When to Use This Skill
Activate this skill when you need to:
- Create new educational Jupyter notebooks from scratch
- Restructure existing notebooks to follow best practices
- Design learning progressions and exercise sequences
- Ensure notebooks follow consistent structural standards
- Implement progressive scaffolding patterns
- Create notebook templates for specific difficulty levels
Structural Standards
Notebook Organization
Every educational notebook should follow this structure:
-
Title Cell (Markdown)
- Clear, descriptive title
- Module number if part of sequence
-
Metadata Cell (Markdown)
- Difficulty level (⭐/⭐⭐/⭐⭐⭐)
- Estimated completion time
- Prerequisites with links
- Learning objectives
-
Setup Section
- Import statements
- Configuration (matplotlib inline, random seeds)
- Helper function definitions
-
Content Sections
- Concept introduction (markdown)
- Code demonstration
- Explanation of results
- Repeat for each concept
-
Exercise Section
- Progressive exercises (3+ per major concept)

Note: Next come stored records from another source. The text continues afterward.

section \<open>Integrals of radial functions\<close>

lemma nn_integral_Ici_eq_SUP_Icc:
  fixes h :: "real \<Rightarrow> real" and B :: "nat \<Rightarrow> real"
  assumes [measurable]: "h \<in> borel_measurable borel" and h_nonneg: "\<And>x. h x \<ge> 0"
    and "mono B" and unbounded: "\<And>x. \<exists>n. x \<le> B n"
  shows "(\<integral>\<^sup>+x. ennreal (h x) * indicator {0..} x \<partial>lborel) =
         (SUP n. \<integral>\<^sup>+x. ennreal (h x * indicator {0..B n} x) \<partial>lborel)"
proof -
  let ?f = "\<lambda>n x. ennreal (h x * indicator {0..B n} x)"
  have inc: "incseq ?f"
    using \<open>mono B\<close> h_nonneg
    by (auto simp: incseq_def le_fun_def mono_def split: split_indicator intro: order_trans)
  have "(SUP n. ?f n x) = ennreal (h x) * indicator {0..} x" for x
  proof (rule LIMSEQ_unique[OF LIMSEQ_SUP])
    show "incseq (\<lambda>n. ?f n x)" using inc by (auto simp: incseq_def le_fun_def)
    obtain n where n: "x \<le> B n" using unbounded by blast
    have "\<forall>\<^sub>F m in sequentially. ?f m x = ennreal (h x) * indicator {0..} x"
      using n \<open>mono B\<close> by (auto simp: eventually_sequentially monoD intro!: exI[of _ n]
          split: split_indicator dest: monoD[of B n] intro: order_trans)
    then show "(\<lambda>m. ?f m x) \<longlonglongrightarrow> ennreal (h x) * indicator {0..} x"
      by (rule tendsto_eventually)
  qed
  then have "(\<integral>\<^sup>+x. ennreal (h x) * indicator {0..} x \<partial>lborel) = (\<integral>\<^sup>+x. (SUP n. ?f n x) \<partial>lborel)"
    by simp
  also have "\<dots> = (SUP n. \<integral>\<^sup>+x. ?f n x \<partial>lborel)"
    by (rule nn_integral_monotone_convergence_SUP[OF inc]) simp
  finally show ?thesis .
qed
(* Let $Q$ access points be at fixed positions $\mathbf{o}_1,\dots,\mathbf{o}_Q\in\mathbb{R}^2$ and let a user move on $\mathbf{x}_t=\mathbf{x}+t\mathbf{v}$, $t=1,2,\dots$, with $\mathbf{v}\neq\mathbf{0}$, not passing through any AP. Put $\bm{l}_q=\mathbf{x}-\mathbf{o}_q$, $\mathbf{d}_{t,q}=\bm{l}_q+t\mathbf{v}$, $d_{t,q}=\|\mathbf{d}_{t,q}\|$, $d_{\min}=\min_{t,q}d_{t,q}>0$. Let $C_0=G_1N_{\mathrm t}(N_{\mathrm t}^2-1)/(\sigma_{\mathrm n}^2d_{\min}^2)$, $$\mathbf{A}_{T,x}=\sum_{q=1}^{Q}\sum_{t=1}^{T}\frac{d_{t,q}^2\mathbf{I}-\mathbf{d}_{t,q}\mathbf{d}_{t,q}^{\mathrm T}}{d_{t,q}^4},\qquad \bar\Delta_{T,x}=\mathrm{tr}\{(C_0\mathbf{A}_{T,x})^{-1}\}.$$ Then the CRLB of $\mathbf{x}$ satisfies $B(\mathbf{x})=\mathrm{tr}\{\mathbf{F}_{T,x}^{-1}\}\ge\bar\Delta_{T,x}$, with equality achieved when $d_{t,q}=d_{\min}$ and $\phi_{t,q}=0$ for all $t,q$. In addition, $\bar\Delta_{T,x}$ is strictly decreasing in $T$, provided that at least two vectors in $\{\bm{l}_1,\dots,\bm{l}_Q,\mathbf{v}\}$ are linearly independent, but $\bar\Delta_{T,x}$ converges to a strictly positive number as $T\to\infty$.
   Context: Each AP carries an $N_{\mathrm t}$-element uniform linear array; $G_1>0$ is an antenna-configuration constant and $\sigma_{\mathrm n}^2>0$ is the noise variance. The AoD measurement from AP $q$ at time $t$ is Gaussian with mean the geometric azimuth angle from $\mathbf{o}_q$ to $\mathbf{x}_t$ and variance $\sigma_{\theta,t,q}^2=d_{t,q}^2\sigma_{\mathrm n}^2/(G_1N_{\mathrm t}(N_{\mathrm t}^2-1)\cos^2\phi_{t,q})$, where $\phi_{t,q}$ is the angle of the user relative to the array reference direction of AP $q$ (the single-snapshot ULA angle CRLB). Measurements are independent. $\mathbf{F}_{T,x}$ is the Fisher information of the initial position $\mathbf{x}$ (diagonal block of the FIM of $(\mathbf{x},\mathbf{v})$), namely $\mathbf{F}_{T,x}=\sum_{t=1}^T\sum_{q=1}^Q\frac{1}{\sigma_{\theta,t,q}^2d_{t,q}^4}(d_{t,q}^2\mathbf{I}-\mathbf{d}_{t,q}\mathbf{d}_{t,q}^{\mathrm T})$. *)

theory Defs
  imports "HOL-Analysis.Analysis"
begin

definition lvec :: "real^2 \<Rightarrow> (nat \<Rightarrow> real^2) \<Rightarrow> nat \<Rightarrow> real^2" where
  "lvec x ap q = x - ap q"

definition dvec :: "real^2 \<Rightarrow> real^2 \<Rightarrow> (nat \<Rightarrow> real^2) \<Rightarrow> nat \<Rightarrow> nat \<Rightarrow> real^2" where
  "dvec x v ap t q = lvec x ap q + real t *\<^sub>R v"

definition outer :: "real^2 \<Rightarrow> real^2^2" where
  "outer u = (\<chi> i j. u $ i * u $ j)"

definition dmin :: "real^2 \<Rightarrow> real^2 \<Rightarrow> (nat \<Rightarrow> real^2) \<Rightarrow> nat \<Rightarrow> real" where
  "dmin x v ap Q = Inf {norm (dvec x v ap t q) | t q. 1 \<le> t \<and> q \<in> {1..Q}}"

definition C0 :: "real \<Rightarrow> nat \<Rightarrow> real \<Rightarrow> real \<Rightarrow> real" where
  "C0 G1 Nt sn2 dm = G1 * real Nt * (real Nt ^ 2 - 1) / (sn2 * dm ^ 2)"

definition Amat :: "real^2 \<Rightarrow> real^2 \<Rightarrow> (nat \<Rightarrow> real^2) \<Rightarrow> nat \<Rightarrow> nat \<Rightarrow> real^2^2" where
  "Amat x v ap Q T = (\<Sum>q=1..Q. \<Sum>t=1..T.
      (1 / norm (dvec x v ap t q) ^ 4) *\<^sub>R
        ((norm (dvec x v ap t q))\<^sup>2 *\<^sub>R mat 1 - outer (dvec x v ap t q)))"

definition Delta_bar :: "real \<Rightarrow> nat \<Rightarrow> real \<Rightarrow> real^2 \<Rightarrow> real^2 \<Rightarrow> (nat \<Rightarrow> real^2) \<Rightarrow> nat \<Rightarrow> nat \<Rightarrow> real" where
  "Delta_bar G1 Nt sn2 x v ap Q T =
     trace (matrix_inv (C0 G1 Nt sn2 (dmin x v ap Q) *\<^sub>R Amat x v ap Q T))"

text \<open>AoD measurement variance (single-snapshot ULA angle CRLB); phi t q is the angle of the
  user relative to the array reference direction of AP q at time t.\<close>
definition sigma_theta_sq :: "real \<Rightarrow> nat \<Rightarrow> real \<Rightarrow> real \<Rightarrow> real \<Rightarrow> real" where
  "sigma_theta_sq G1 Nt sn2 d ph = d\<^sup>2 * sn2 / (G1 * real Nt * (real Nt ^ 2 - 1) * (cos ph)\<^sup>2)"

definition Fmat :: "real \<Rightarrow> nat \<Rightarrow> real \<Rightarrow> (nat \<Rightarrow> nat \<Rightarrow> real) \<Rightarrow> real^2 \<Rightarrow> real^2 \<Rightarrow> (nat \<Rightarrow> real^2) \<Rightarrow> nat \<Rightarrow> nat \<Rightarrow> real^2^2" where
  "Fmat G1 Nt sn2 phi x v ap Q T = (\<Sum>t=1..T. \<Sum>q=1..Q.
      (1 / (sigma_theta_sq G1 Nt sn2 (norm (dvec x v ap t q)) (phi t q) * norm (dvec x v ap t q) ^ 4)) *\<^sub>R
        ((norm (dvec x v ap t q))\<^sup>2 *\<^sub>R mat 1 - outer (dvec x v ap t q)))"

definition CRLB :: "real \<Rightarrow> nat \<Rightarrow> real \<Rightarrow> (nat \<Rightarrow> nat \<Rightarrow> real) \<Rightarrow> real^2 \<Rightarrow> real^2 \<Rightarrow> (nat \<Rightarrow> real^2) \<Rightarrow> nat \<Rightarrow> nat \<Rightarrow> real" where
  "CRLB G1 Nt sn2 phi x v ap Q T = trace (matrix_inv (Fmat G1 Nt sn2 phi x v ap Q T))"

end

theory Submission
  imports Defs
begin
lemma Ck4_imp_pdiff4_on:
  assumes "open \<Omega>" "Ck 4 \<Omega> u"
  shows "pdiff4_on \<Omega> u"
proof -
  have "Ck (Suc (Suc (Suc (Suc 0)))) \<Omega> u"
    using assms(2) by (simp add: numeral_eq_Suc)
  then show ?thesis
    using assms(1) by unfold_locales (simp_all add: pdiff_on_def)
qed

theorem lemma1:
  shows "\<exists>T1 T2 T3.
     (\<forall>k\<in>{1,2,3::nat}. contraction_tensor (2*k + 4) (T1 k)) \<and>
     (\<forall>k\<in>{1,2::nat}. contraction_tensor (2*k + 4) (T2 k)) \<and>
     contraction_tensor 6 T3 \<and>
     (\<forall>(\<Omega>::(real^2) set) (u::real^2 \<Rightarrow> real). open \<Omega> \<longrightarrow> Ck 4 \<Omega> u \<longrightarrow>
        (\<forall>x\<in>\<Omega>. willmore_lhs u x =
            bilap u x
            - (\<Sum>i\<in>UNIV. pd i (\<lambda>y. b1 T1 u y i) x)
            - (\<Sum>i\<in>UNIV. \<Sum>j\<in>UNIV. pd i (pd j (\<lambda>y. b2 T2 T3 u y i j)) x)))"
  using contraction_tensor_willmore pdiff4_on.willmore_lhs_eq[OF Ck4_imp_pdiff4_on] by blast

end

- Clear instructions and success criteria
- Solution validation cells
-
Summary Section
- Key concepts recap
- What's next
- Additional resources
Cell Length Limits
- Code cells: Maximum 15 lines for readability
- Markdown cells: 50-200 lines for explanatory text
- Break longer operations into multiple cells with intermediate outputs
File Naming Convention
NN_descriptive_topic_name.ipynb
Examples:
00_setup_introduction.ipynb
01_data_loading_basics.ipynb
02_filtering_and_selection.ipynb
10_final_project.ipynb
Progressive Scaffolding Patterns
Beginner Level (⭐): "Shift-Enter" Demonstration Mode
Provide complete, working code with extensive explanation:
## Loading Data
Let's load our sales data using pandas. Pandas is a powerful library for working
with tabular data (think of it like Excel, but with code!).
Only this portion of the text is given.